Eine gemeinsame Erklärung von Ärzte ohne Grenzen (MSF), Alarm Phone, Mediterranea Saving Humans und Sea-Watch
Am 26. September 2022 wurden 23 Menschen auf Anweisung der maltesischen Seenotrettungsleitstelle (RCC) nach Ägypten gebracht. Zuvor wurden sie in der maltesischen Such- und Rettungszone (SAR) von dem unter der panamaischen Flagge fahrenden Handelsschiff SHIMANAMI QUEEN gerettet. Zum Zeitpunkt der Rettung befanden sich die Menschen an Bord des kleinen Bootes bereits seit vier Tagen unter schlechten Wetterbedingungen und mit sehr begrenzten Wasser- und Nahrungsvorräten auf See.Laut Seerechtsübereinkommen der Vereinten Nationen ist das RCC Malta rechtlich für die Koordinierung von Rettungsmaßnahmen in seiner SAR-Zone zuständig. In diesem Fall jedoch, wies das RCC Malta Handelsschiffe in unmittelbarer Nähe des Boots in Seenot an, entweder ihre Fahrt fortzusetzen oder lediglich in Bereitschaft zu bleiben, wodurch eine Rettung erheblich verzögert wurde. Durch fehlende klare Anweisungen und unnötige Verzögerungen bei der Koordinierung einer Rettung, wurde das Leben der 23 Menschen vorsätzlich in akute Gefahr gebracht. Dies ist eine gängige Praxis der maltesischen Behörden, um zu vermeiden, selbst an Rettungen beteiligt zu sein und um zu verhindern, dass Personen in Malta ankommen. Dieses Verhalten wurde bereits in mehreren Fällen von zivilen SAR-Organisationen beobachtet und dokumentiert. (1) (2)

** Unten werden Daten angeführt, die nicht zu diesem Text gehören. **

lemma ml_density_part_eq_suminf:
  assumes a: "0 < a" and t: "0 < t"
  shows "summable (\<lambda>n. if even n = s then ml_density_term a n t else 0)"
    and "ml_density_part a s t = ennreal (\<Sum>n. if even n = s then ml_density_term a n t else 0)"
proof -
  show summable: "summable (\<lambda>n. if even n = s then ml_density_term a n t else 0)"
    using ml_density_term_nonneg[OF a]
    by (intro summable_comparison_test'[OF sums_summable[OF ml_density_term_sums(1)[OF a t]], of 0])
      auto
  have "ml_density_part a s t
      = (\<integral>\<^sup>+n. ennreal (ml_density_term a n t) * indicator {n. even n = s} n \<partial>count_space UNIV)"
    unfolding ml_density_part_def by (rule nn_integral_count_space_indicator) simp
  also have "\<dots> = (\<Sum>n. ennreal (if even n = s then ml_density_term a n t else 0))"
    unfolding nn_integral_count_space_nat by (intro suminf_cong) (simp add: indicator_def)
  also have "\<dots> = ennreal (\<Sum>n. if even n = s then ml_density_term a n t else 0)"
    using ml_density_term_nonneg[OF a] by (intro suminf_ennreal2 summable) auto
  finally show "ml_density_part a s t = ennreal (\<Sum>n. if even n = s then ml_density_term a n t else 0)" .
qed

lemma ml_density_part_finite: "0 < a \<Longrightarrow> 0 < t \<Longrightarrow> ml_density_part a s t \<noteq> \<infinity>"
  by (simp add: ml_density_part_eq_suminf)

lemma ml_density_eq_parts:
  assumes a: "0 < a" and t: "0 < t"
  shows "ml_density a t = enn2real (ml_density_part a True t) - enn2real (ml_density_part a False t)"
proof -
  define ev where "ev = (\<lambda>n. if even n then ml_density_term a n t else 0)"
  define od where "od = (\<lambda>n. if odd n then ml_density_term a n t else 0)"
  have summable: "summable ev" "summable od"
    using ml_density_part_eq_suminf(1)[OF a t, of True] ml_density_part_eq_suminf(1)[OF a t, of False]
    by (simp_all add: ev_def od_def)
  have nonneg: "0 \<le> suminf ev" "0 \<le> suminf od"
    by (rule suminf_nonneg[OF summable(1)] suminf_nonneg[OF summable(2)],
        simp add: ev_def od_def ml_density_term_nonneg[OF a])+
  have "(\<lambda>n. ev n - od n) sums (suminf ev - suminf od)"
    by (intro sums_diff summable_sums summable)
  moreover have "ev n - od n = (-1) ^ n * ml_density_term a n t" for n
    by (simp add: ev_def od_def)
  ultimately have "ml_density a t = suminf ev - suminf od"
    unfolding ml_density_def by (simp add: sums_iff)
  then show ?thesis
    using nonneg ml_density_part_eq_suminf(2)[OF a t] by (simp add: ev_def od_def)
qed

lemma ml_density_part_le:
  assumes a: "0 < a" and t: "0 < t" and nonneg: "0 \<le> ml_density a t"
  shows "ml_density_part a False t \<le> ml_density_part a True t"
proof -
  have "enn2real (ml_density_part a False t) \<le> enn2real (ml_density_part a True t)"
    using nonneg ml_density_eq_parts[OF a t] by simp
  then have "ennreal (enn2real (ml_density_part a False t)) \<le> ennreal (enn2real (ml_density_part a True t))"
    by (rule ennreal_leI)
  then show ?thesis
    using ml_density_part_finite[OF a t] by (simp add: ennreal_enn2real_if)
qed

lemma summable_powr_div_Gamma_Suc:
  assumes a: "0 < a" and z: "0 < z"
  shows "summable (\<lambda>n. z powr (real (Suc n) * a) / Gamma (1 + real (Suc n) * a))"
proof -
  have "z powr (real (Suc n) * a) / Gamma (1 + real (Suc n) * a) = ml_coeff a (Suc n) * (z powr a) ^ Suc n"
    for n
  proof -
    have "(z powr a) ^ Suc n = (z powr a) powr real (Suc n)"
      by (rule powr_realpow[symmetric]) (use z in simp)
    also have "\<dots> = z powr (real (Suc n) * a)"
      by (simp add: powr_powr mult.commute)
    finally show ?thesis
      by (simp add: ml_coeff_def add.commute)
  qed
  then show ?thesis
    using summable_Suc_iff[of "\<lambda>k. ml_coeff a k * (z powr a) ^ k"] summable_ml_coeff[OF a]
    by simp
qed

lemma nn_integral_ml_density_parts_finite:
  assumes a: "0 < a" and z: "0 < z"
  shows "(\<integral>\<^sup>+y. indicator {0<..<z} y * (ml_density_part a True y + ml_density_part a False y) \<partial>lborel)
           \<noteq> \<infinity>"
proof -
  define c where "c n = z powr (real (Suc n) * a) / Gamma (1 + real (Suc n) * a)" for n
  have "ml_density_part a True y + ml_density_part a False y
          = (\<integral>\<^sup>+n. ennreal (ml_density_term a n y) \<partial>count_space UNIV)" for y
  proof -
    have "{n::nat. even n} \<inter> {n. odd n} = {}" "{n::nat. even n} \<union> {n. odd n} = UNIV"
      by auto
    then show ?thesis
      unfolding ml_density_part_def
      using nn_integral_count_space_Un[of "{n. even n}" "{n. odd n}" "\<lambda>n. ennreal (ml_density_term a n y)"]
      by simp
  qed
  then have "(\<integral>\<^sup>+y. indicator {0<..<z} y * (ml_density_part a True y + ml_density_part a False y) \<partial>lborel)
      = (\<integral>\<^sup>+y. \<integral>\<^sup>+n. ennreal (indicator {0<..<z} y * ml_density_term a n y) \<partial>count_space UNIV \<partial>lborel)"
    by (intro nn_integral_cong)
      (auto simp: nn_integral_cmult[symmetric] indicator_def intro!: nn_integral_cong)
  also have "\<dots> = (\<integral>\<^sup>+n. \<integral>\<^sup>+y. ennreal (indicator {0<..<z} y * ml_density_term a n y) \<partial>lborel
                     \<partial>count_space UNIV)"
    by (rule nn_integral_count_space_nn_integral) (auto simp: ml_density_term_def)
  also have "\<dots> = (\<Sum>n. ennreal (c n))"
    unfolding nn_integral_count_space_nat c_def ml_density_term_def
    using a z by (intro suminf_cong nn_integral_powr_div_Gamma) auto
  also have "\<dots> \<noteq> \<top>"
  proof (rule ennreal_suminf_neq_top)
    show "summable c"
      unfolding c_def by (rule summable_powr_div_Gamma_Suc[OF a z])
    show "0 \<le> c n" for n
      using a unfolding c_def by (intro divide_nonneg_pos Gamma_real_pos add_pos_nonneg) auto
  qed
  finally show ?thesis
    by simp
qed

In diesem Fall war das RCC Malta ebenfalls nicht bereit dazu, mit zivilen SAR-Organisationen zusammenzuarbeiten, um sicherzustellen, dass eine Rettung so schnell wie möglich durchgeführt wird. Nach der Rettung nutzte der RCC Malta das Handelsschiff SHIMANAMI QUEEN, um die feindliche Migrationspolitik Europas und Maltas durchzusetzen, indem es das Schiff anwies, die geretteten Personen nach Ägypten zu bringen.

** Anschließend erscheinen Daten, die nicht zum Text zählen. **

theorem card_Sols_ge:
  assumes "Sols \<noteq> {}"
  shows "real (q ^ 2) powi (deltaH q h s l mH \<tau> - 1) \<le> real (card Sols)"
proof -
  define Q where "Q = real (q ^ 2)"
  have Q: "Q \<ge> 1" using q_pos by (simp add: Q_def)
  have "Q ^ dim_Pert = real (card Pert)" by (simp add: Q_def card_Pert)
  also have "\<dots> \<le> real (card Cod * card Sols)"
    using card_Pert_le card_Adm_le_card_Sols[OF assms] by (meson le_trans mult_le_mono2 of_nat_le_iff)
  also have "\<dots> \<le> Q ^ dim_Cod * real (card Sols)"
    using card_Cod_le by (simp add: Q_def mult_right_mono flip: of_nat_power of_nat_le_iff)
  finally have "Q powi (int dim_Pert - int dim_Cod) \<le> real (card Sols)"
    using Q by (simp add: power_int_diff divide_le_eq mult.commute)
  then show ?thesis
    using power_int_increasing[OF deltaH_le Q] by (simp add: Q_def)
qed

end

theorem lemma6:
  fixes q h s l \<tau> :: nat and mH :: int
    and Rv :: "nat \<Rightarrow> 'a::{field,finite} poly poly"
    and Pt :: "nat \<Rightarrow> 'a \<times> 'a" and r :: "nat \<Rightarrow> nat \<Rightarrow> 'a"
  assumes q_pp: "\<exists>p k. prime p \<and> k \<ge> 1 \<and> q = p ^ k"
    and card_F: "card (UNIV :: 'a set) = q ^ 2"
    and h_pos: "h \<ge> 1"
    and mH_lo: "2 * (int (genusH q) - 1) < mH" and mH_hi: "mH < int (q ^ 3)"
    and pts: "bij_betw Pt {1..q ^ 3} (hermitian_points q)"
    and R_in: "\<forall>\<mu> < h. inR q (Rv \<mu>)"
    and R_deg: "\<forall>\<mu> < h. Rv \<mu> \<noteq> 0 \<longrightarrow> degH q (Rv \<mu>) < q ^ 3 + 2 * genusH q"
    and R_interp: "\<forall>\<mu> < h. \<forall>j \<in> {1..q ^ 3}.
                     evalR (Rv \<mu>) (fst (Pt j)) (snd (Pt j)) = r \<mu> j"
    and params: "\<tau> \<ge> 1" "l \<ge> 1" "s \<ge> 1" "s \<le> l"
    and bound: "int \<tau> + int l * mH < int s * int (q ^ 3)"
    and exists: "solutions_of_degree q h s l mH Rv \<tau> \<noteq> {}"
  shows "real (card (solutions_of_degree q h s l mH Rv \<tau>))
           \<ge> real (q ^ 2) powi (deltaH q h s l mH \<tau> - 1)"
proof -
  obtain p k where pk: "prime p" "k \<ge> 1" "q = p ^ k" using q_pp by blast
  have "2 \<le> p" using pk(1) by (rule prime_ge_2_nat)
  moreover have "p \<le> p ^ k" using pk(2) calculation by (simp add: self_le_power)
  ultimately have "q \<ge> 2" using pk(3) by linarith
  then interpret hermitian_problem q h s l \<tau> mH Rv
    using card_F mH_lo mH_hi R_in R_deg params by unfold_locales auto
  show ?thesis using card_Sols_ge exists by (simp add: Sols_def)
qed

end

Laut dem Grundsatz der Nichtzurückweisung der Genfer Flüchtlingskonvention von 1951 (Art. 33(1)), dürfen Vertragsstaaten eine Person nicht „über die Grenzen von Gebieten ausweisen oder zurückweisen, in denen sein Leben oder seine Freiheit wegen seiner Rasse, Religion, Staatsangehörigkeit, seiner Zugehörigkeit zu einer bestimmten sozialen Gruppe oder wegen seiner politischen Überzeugung bedroht sein würde.” Nach diesem Grundsatz müssen auf See gerettete Personen an einen sicheren Ort gebracht werden, „an dem das Leben der Überlebenden nicht mehr weiter in Gefahr ist und an dem ihre menschlichen Grundbedürfnisse […] gedeckt werden können“. (3)

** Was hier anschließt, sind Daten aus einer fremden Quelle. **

(* Let $\rho=\rho_0$ and let $R=\sum_{m,n\ge 0}\frac1{n!}\binom{\psi}{m}\phi^n\otimes(a-1)^mb^n$. Then $\rho^{\otimes2}(R)$ is a well-defined element of $\operatorname{End}(A^1)^{\otimes 2}[[\hbar]]$, and the operator $r:=\rho^{\otimes2}(R)P$, where $P$ exchanges the two arguments of a function of $(z_0,z_1)$, acts on $A^2[[\hbar]]$ by $$(rf)(z_0,z_1)=f\Big(z_1+\frac{\hbar}{1+\hbar}z_0,\ \frac{1}{1+\hbar}z_0\Big)=f(U^{\top}z),\qquad U=\begin{pmatrix}1-t&t\\1&0\end{pmatrix},\ t=\frac1{1+\hbar}.$$ In particular, for the coherent states $\varphi_v(z)=e^{v^\top z}$ ($v\in\mathbb{C}^2$) one has $r\varphi_v=\varphi_{Uv}$.
   Context: $\rho_0\colon D(\mathsf{B}_1)\to\operatorname{End}(A^1[[\hbar]])$ is given by $a\mapsto 1+\hbar$, $b\mapsto\partial/\partial z$, $\phi\mapsto\hbar z$, $\psi\mapsto -z\,\partial/\partial z$, $\chi_{u,v}f(z)=e^{\hbar uz}f(vz)$. $A^n$ denotes the span of functions $\mathbb{C}^n\to\mathbb{C}$ of the form $p(z)e^{u^\top z}$ with $p$ a polynomial and $u\in\mathbb{C}^n$; elements of $\mathbb{C}^n$ are column vectors. The binomial $\binom{\psi}{m}=\psi(\psi-1)\cdots(\psi-m+1)/m!$. *)

theory Defs
  imports "HOL-Analysis.Analysis" "HOL-Library.Numeral_Type"
begin

text \<open>Points of C^2 are column vectors z = (z_0, z_1) :: complex^2 (indices 0, 1 :: 2).
  An element of A^2[[hbar]] is represented by its sequence of hbar-coefficients.\<close>

type_synonym hser = "nat \<Rightarrow> (complex^2 \<Rightarrow> complex)"

definition bil :: "complex^2 \<Rightarrow> complex^2 \<Rightarrow> complex" where
  "bil u z = u$0 * z$0 + u$1 * z$1"

definition A2 :: "(complex^2 \<Rightarrow> complex) set" where
  "A2 = {f. \<exists>(S::nat set) c k0 k1 (u::nat \<Rightarrow> complex^2). finite S \<and>
            f = (\<lambda>z. \<Sum>i\<in>S. c i * (z$0) ^ k0 i * (z$1) ^ k1 i * exp (bil (u i) z))}"

definition A2ser :: "hser set" where
  "A2ser = {F. \<forall>j. F j \<in> A2}"

definition partial :: "2 \<Rightarrow> (complex^2 \<Rightarrow> complex) \<Rightarrow> complex^2 \<Rightarrow> complex" where
  "partial i g z = deriv (\<lambda>w. g (\<chi> k. if k = i then w else z$k)) (z$i)"

text \<open>rho_0 on generators, acting in tensor slot i (on the variable z_i), hbar-linearly.\<close>
definition rho_a :: "2 \<Rightarrow> hser \<Rightarrow> hser" where   (* a |-> 1 + hbar *)
  "rho_a i F = (\<lambda>N z. F N z + (if N = 0 then 0 else F (N - 1) z))"

definition rho_b :: "2 \<Rightarrow> hser \<Rightarrow> hser" where
  "rho_b i F = (\<lambda>N. partial i (F N))"

definition rho_phi :: "2 \<Rightarrow> hser \<Rightarrow> hser" where (* phi |-> hbar z *)
  "rho_phi i F = (\<lambda>N z. if N = 0 then 0 else z$i * F (N - 1) z)"

definition rho_psi :: "2 \<Rightarrow> hser \<Rightarrow> hser" where
  "rho_psi i F = (\<lambda>N z. - (z$i) * partial i (F N) z)"

fun ffact_op :: "(hser \<Rightarrow> hser) \<Rightarrow> nat \<Rightarrow> hser \<Rightarrow> hser" where
  "ffact_op T 0 F = F"
| "ffact_op T (Suc k) F = (\<lambda>N z. T (ffact_op T k F) N z - of_nat k * ffact_op T k F N z)"

definition binom_op :: "(hser \<Rightarrow> hser) \<Rightarrow> nat \<Rightarrow> hser \<Rightarrow> hser" where
  "binom_op T m F = (\<lambda>N z. ffact_op T m F N z / fact m)"

definition am1 :: "2 \<Rightarrow> hser \<Rightarrow> hser" where
  "am1 i F = (\<lambda>N z. rho_a i F N z - F N z)"

text \<open>rho^{(x)2} of the (m,n)-term (1/n!) binom(psi,m) phi^n (x) (a-1)^m b^n of R:
  first tensor factor acts on z_0, second on z_1.\<close>
definition R_term :: "nat \<Rightarrow> nat \<Rightarrow> hser \<Rightarrow> hser" where
  "R_term m n F = (\<lambda>N z. binom_op (rho_psi 0) m
      ((rho_phi 0 ^^ n) ((am1 1 ^^ m) ((rho_b 1 ^^ n) F))) N z / fact n)"

definition rho2R :: "hser \<Rightarrow> hser" where
  "rho2R F = (\<lambda>N z. infsum (\<lambda>p. R_term (fst p) (snd p) F N z) UNIV)"

definition swapP :: "hser \<Rightarrow> hser" where
  "swapP F = (\<lambda>N z. F N (\<chi> i. if i = 0 then z$1 else z$0))"

definition r_op :: "hser \<Rightarrow> hser" where
  "r_op F = rho2R (swapP F)"

definition Umat :: "complex \<Rightarrow> complex^2^2" where
  "Umat h = (let t = 1 / (1 + h) in
     (\<chi> i j. if i = 0 then (if j = 0 then 1 - t else t) else (if j = 0 then 1 else 0)))"

text \<open>N-th Taylor coefficient at h = 0 (the hbar-expansion).\<close>
definition hcoeff :: "(complex \<Rightarrow> complex) \<Rightarrow> nat \<Rightarrow> complex" where
  "hcoeff g N = (deriv ^^ N) g 0 / fact N"

text \<open>The hbar-series of f(U^T z) for f in A^2[[hbar]].\<close>
definition substU :: "hser \<Rightarrow> hser" where
  "substU F = (\<lambda>N z. \<Sum>j\<le>N. hcoeff (\<lambda>h. F j (transpose (Umat h) *v z)) (N - j))"

definition coh :: "complex^2 \<Rightarrow> complex^2 \<Rightarrow> complex" where
  "coh v = (\<lambda>z. exp (bil v z))"

definition cohU :: "complex^2 \<Rightarrow> hser" where
  "cohU v = (\<lambda>N z. hcoeff (\<lambda>h. coh (Umat h *v v) z) N)"

end

theory Submission
  imports Defs "HOL-Complex_Analysis.Cauchy_Integral_Formula"
begin

text \<open>Let G be F with its two arguments exchanged and flow h z = (t z_0, z_1 + (1 - t) z_0),
  t = 1/(1+h), so that F(U^T z) = G(flow h z). Along this flow
  (1 + h) d/dh g(flow h z) = (D g)(flow h z) with D = psi + X, psi = -z_0 d/dz_0 and
  X = z_0 d/dz_1; differentiating K times gives that the K-th Taylor coefficient at h = 0 is
  binom(D, K) g. Since X psi = psi X + X, the falling factorial of psi + X expands like a binomial,
  binom(D, K) = sum_{m+n=K} binom(psi, m) X^n / n!, and X^n = z_0^n (d/dz_1)^n is what the
  factor phi^n (x) b^n of R contributes. Matching hbar-degrees, the (m, n)-terms of R with
  m + n = K reproduce the K-th Taylor coefficient.\<close>

section \<open>The space A^2\<close>

type_synonym fun2 = "complex^2 \<Rightarrow> complex"

definition exp_monomial :: "complex \<Rightarrow> nat \<Rightarrow> nat \<Rightarrow> complex^2 \<Rightarrow> fun2" where
  "exp_monomial c a b u = (\<lambda>z. c * (z$0) ^ a * (z$1) ^ b * exp (bil u z))"

lemma A2_iff:
  "f \<in> A2 \<longleftrightarrow> (\<exists>(S::nat set) c k0 k1 u. finite S \<and>
     f = (\<lambda>z. \<Sum>i\<in>S. exp_monomial (c i) (k0 i) (k1 i) (u i) z))"
  by (simp add: A2_def exp_monomial_def)

lemma A2I:
  "finite (S::nat set) \<Longrightarrow> f = (\<lambda>z. \<Sum>i\<in>S. exp_monomial (c i) (k0 i) (k1 i) (u i) z) \<Longrightarrow> f \<in> A2"
  unfolding A2_iff by blast

lemma A2E:
  assumes "f \<in> A2"
  obtains S c k0 k1 u where "finite (S::nat set)"
    "f = (\<lambda>z. \<Sum>i\<in>S. exp_monomial (c i) (k0 i) (k1 i) (u i) z)"
  using assms unfolding A2_iff by blast

lemma A2_zero: "(\<lambda>z. 0) \<in> A2"
  by (rule A2I[of "{}"]) simp_all

lemma A2_exp_monomial: "exp_monomial c a b u \<in> A2"
  by (rule A2I[of "{0}" _ "\<lambda>_. c" "\<lambda>_. a" "\<lambda>_. b" "\<lambda>_. u"]) simp_all

lemma A2_cmult:
  assumes "f \<in> A2" shows "(\<lambda>z. a * f z) \<in> A2"
proof -
  obtain S c k0 k1 u where S: "finite (S::nat set)"
    and f: "f = (\<lambda>z. \<Sum>i\<in>S. exp_monomial (c i) (k0 i) (k1 i) (u i) z)"
    using assms by (rule A2E)
  show ?thesis
    by (rule A2I[OF S, of _ "\<lambda>i. a * c i" k0 k1 u])
       (simp add: f exp_monomial_def sum_distrib_left mult.assoc)
qed

text \<open>The two families are merged by indexing the first with even and the second with odd numbers.\<close>
lemma A2_add:
  assumes "f \<in> A2" "g \<in> A2" shows "(\<lambda>z. f z + g z) \<in> A2"
proof -
  obtain S c k0 k1 u where S: "finite (S::nat set)"
    and f: "f = (\<lambda>z. \<Sum>i\<in>S. exp_monomial (c i) (k0 i) (k1 i) (u i) z)"
    using assms(1) by (rule A2E)
  obtain S' c' k0' k1' u' where S': "finite (S'::nat set)"
    and g: "g = (\<lambda>z. \<Sum>i\<in>S'. exp_monomial (c' i) (k0' i) (k1' i) (u' i) z)"
    using assms(2) by (rule A2E)
  define C where "C i = (if even i then c (i div 2) else c' (i div 2))" for i :: nat
  define K0 where "K0 i = (if even i then k0 (i div 2) else k0' (i div 2))" for i :: nat
  define K1 where "K1 i = (if even i then k1 (i div 2) else k1' (i div 2))" for i :: nat
  define U where "U i = (if even i then u (i div 2) else u' (i div 2))" for i :: nat
  have disj: "(\<lambda>i. 2 * i) ` S \<inter> (\<lambda>i. 2 * i + 1) ` S' = {}"
    by auto presburger
  have "(\<lambda>z. f z + g z) = (\<lambda>z. \<Sum>i \<in> (\<lambda>i. 2 * i) ` S \<union> (\<lambda>i. 2 * i + 1) ` S'.
                                     exp_monomial (C i) (K0 i) (K1 i) (U i) z)"
    using S S' disj
    by (auto simp: sum.union_disjoint sum.reindex inj_on_def f g C_def K0_def K1_def U_def)
  thus ?thesis
    using S S' by (intro A2I) auto
qed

Im Fall vom 26. September wurden die 23 Personen weder in Malta noch in Italien an Land gebracht, obwohl diese der Rettungsposition mit 159 bzw. 146 Seemeilen geographisch am nächsten waren. Stattdessen wurden die Geretteten unter Zwang 760 Seemeilen nach Ägypten gebracht. Ägypten hat zwar die Genfer Konvention von 1951 unterzeichnet, verfügt aber nicht über einen entsprechenden nationalen Rechtsrahmen für den Schutz von Flüchtenden und Asylsuchenden.
Als Organisationen aktiv in der Such-und-Rettung auf See, verurteilen wir den gewaltsamen Transfer der 23 Menschen nach Ägypten und fordern Konsequenzen für Maltas eklatante Verletzungen des See- und Völkerrechts.
Ärzte ohne Grenzen (MSF), Alarm Phone, Mediterranea Saving Humans und Sea-Watch fordern ein Ende dieser schweren Menschenrechtsverletzungen im zentralen Mittelmeer und entlang der EU-Außengrenzen, die direkt von europäischen Staaten durch private Akteur:innen begangen werden. Europäische Rettungsleitstellen müssen ihren rechtlichen Verantwortungen nachkommen und die sofortige Rettung von Menschen in Seenot mit der anschließenden Anlandung an einem sicheren Ort in Europa garantieren.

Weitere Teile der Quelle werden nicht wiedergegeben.